Against Politics

Toward a depoliticized society

The New Deal disaster

Posted on | December 11, 2008 | Comments Off by Aschwin de Wolf

The conventional wisdom is that Franklin Roosevelt’s New Deal got the United States out of the Great Depression. The most obvious objection to this view would be epistemological in nature. How do we know what would have happened without the New Deal? Strictly speaking, we cannot know this through empirical means. This feature of evaluating public policy presents a major problem for any kind of political consequentialism.

A related question is what constitutes a solution. How should a delayed recovery but healthier economy be compared to a faster recovery with negative consequences in the long run? It should not be assumed that the solution that produces the fastest recovery is the best solution.

On the website of the Ludwig von Mises Institute, David Gordon reviews Burton Folsom’s New Deal or Raw Deal? How FDR’s Economic Legacy Has Damaged America.

Should the government create jobs because businessmen are too reluctant to invest?

Folsom ably dispatches this Keynesian canard. If businessmen were reluctant to invest, precisely the antibusiness attitude of the Roosevelt administration was in large part responsible. Roosevelt supported confiscatory rates of taxation; small wonder, then, that investors were reluctant to embark on new projects.

A similar point about regime uncertainty has been made by Robert Higgs.

But how to explain the popularity of Roosevelt?

…Folsom has a deeper explanation. Roosevelt manipulated welfare programs, especially jobs under the WPA, to gain votes…Folsom here uses to good advantage a long-forgotten book, Who Were the Eleven Million? by David Lawrence, the founder and editor of US News & World Report. Through a county-by-county analysis of the 1936 election, Lawrence showed that voting for Roosevelt varied directly with the patronage and jobs extended.

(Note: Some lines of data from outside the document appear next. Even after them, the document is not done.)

(* The image of $\bar\Gamma(2)_2=[\bar\Gamma(2),\bar\Gamma(2)]$ in $\mathrm{PSL}_2(\mathbb{Z}/3\mathbb{Z})$ is equal to $D_3$. For every prime $p>3$, its image in $\mathrm{PSL}_2(\mathbb{Z}/p\mathbb{Z})$ is $\mathrm{PSL}_2(\mathbb{Z}/p\mathbb{Z})$.
   Context: $\bar\Gamma(2)=\Gamma(2)/\{\pm1\}\subset\mathrm{PSL}_2(\mathbb{Z})$, where $\Gamma(2)$ is the principal congruence subgroup of level $2$; images are taken under the reduction maps $\mathrm{PSL}_2(\mathbb{Z})\to\mathrm{PSL}_2(\mathbb{Z}/n\mathbb{Z})$. $D_3\subset\mathrm{PSL}_2(\mathbb{Z}/3\mathbb{Z})$ is the index-$3$ subgroup (the $2$-Sylow subgroup, isomorphic to the Klein four-group) consisting of the classes of $\pm I$, $\pm\begin{pmatrix}0&-1\\1&0\end{pmatrix}$, $\pm\begin{pmatrix}-1&1\\1&1\end{pmatrix}$, $\pm\begin{pmatrix}1&1\\1&-1\end{pmatrix}$. *)

theory Defs
  imports "HOL-Algebra.Algebra" "HOL-Computational_Algebra.Primes"
begin

text \<open>2x2 integer matrices (a b; c d) represented as tuples (a, b, c, d).\<close>
type_synonym mat2 = "int \<times> int \<times> int \<times> int"

fun mmul :: "mat2 \<Rightarrow> mat2 \<Rightarrow> mat2" where
  "mmul (a, b, c, d) (a2, b2, c2, d2) = (a * a2 + b * c2, a * b2 + b * d2, c * a2 + d * c2, c * b2 + d * d2)"

fun mdet :: "mat2 \<Rightarrow> int" where
  "mdet (a, b, c, d) = a * d - b * c"

fun mneg :: "mat2 \<Rightarrow> mat2" where
  "mneg (a, b, c, d) = (-a, -b, -c, -d)"

definition I2 :: mat2 where "I2 = (1, 0, 0, 1)"

fun mred :: "int \<Rightarrow> mat2 \<Rightarrow> mat2" where
  "mred n (a, b, c, d) = (a mod n, b mod n, c mod n, d mod n)"

definition SL2Z :: "mat2 monoid" where
  "SL2Z = \<lparr>carrier = {A. mdet A = 1}, monoid.mult = mmul, one = I2\<rparr>"

definition PM :: "mat2 set" where "PM = {I2, mneg I2}"

definition PSL2Z :: "mat2 set monoid" where
  "PSL2Z = SL2Z Mod PM"

definition Gamma2 :: "mat2 set" where
  "Gamma2 = {A \<in> carrier SL2Z. mred 2 A = mred 2 I2}"

definition Gamma2bar :: "mat2 set set" where
  "Gamma2bar = (\<lambda>A. PM #>\<^bsub>SL2Z\<^esub> A) ` Gamma2"

definition psl_red :: "int \<Rightarrow> mat2 set \<Rightarrow> mat2 set" where
  "psl_red n C = mred n ` C"

definition psl_class :: "int \<Rightarrow> mat2 \<Rightarrow> mat2 set" where
  "psl_class n M = {mred n M, mred n (mneg M)}"

definition PSL2_mod :: "int \<Rightarrow> mat2 set set" where
  "PSL2_mod n = psl_class n ` {M. mdet M mod n = 1 mod n}"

Gordon does find fault in Folsom’s book for ignoring the Austrian view of  business cycles. This is interesting because in contemporary discussions about the current financial meltdown, the majority of “pro-market” economists do not seem to find much fault with the Fed either. But one does not have to completely subscribe to the Austrian Business Cycle Theory (ABCT) to observe the highly political role the Fed currently plays in the management of the crisis. Neither does one have to be an Austrian economist to question the rationale for central banking and a fiat currency.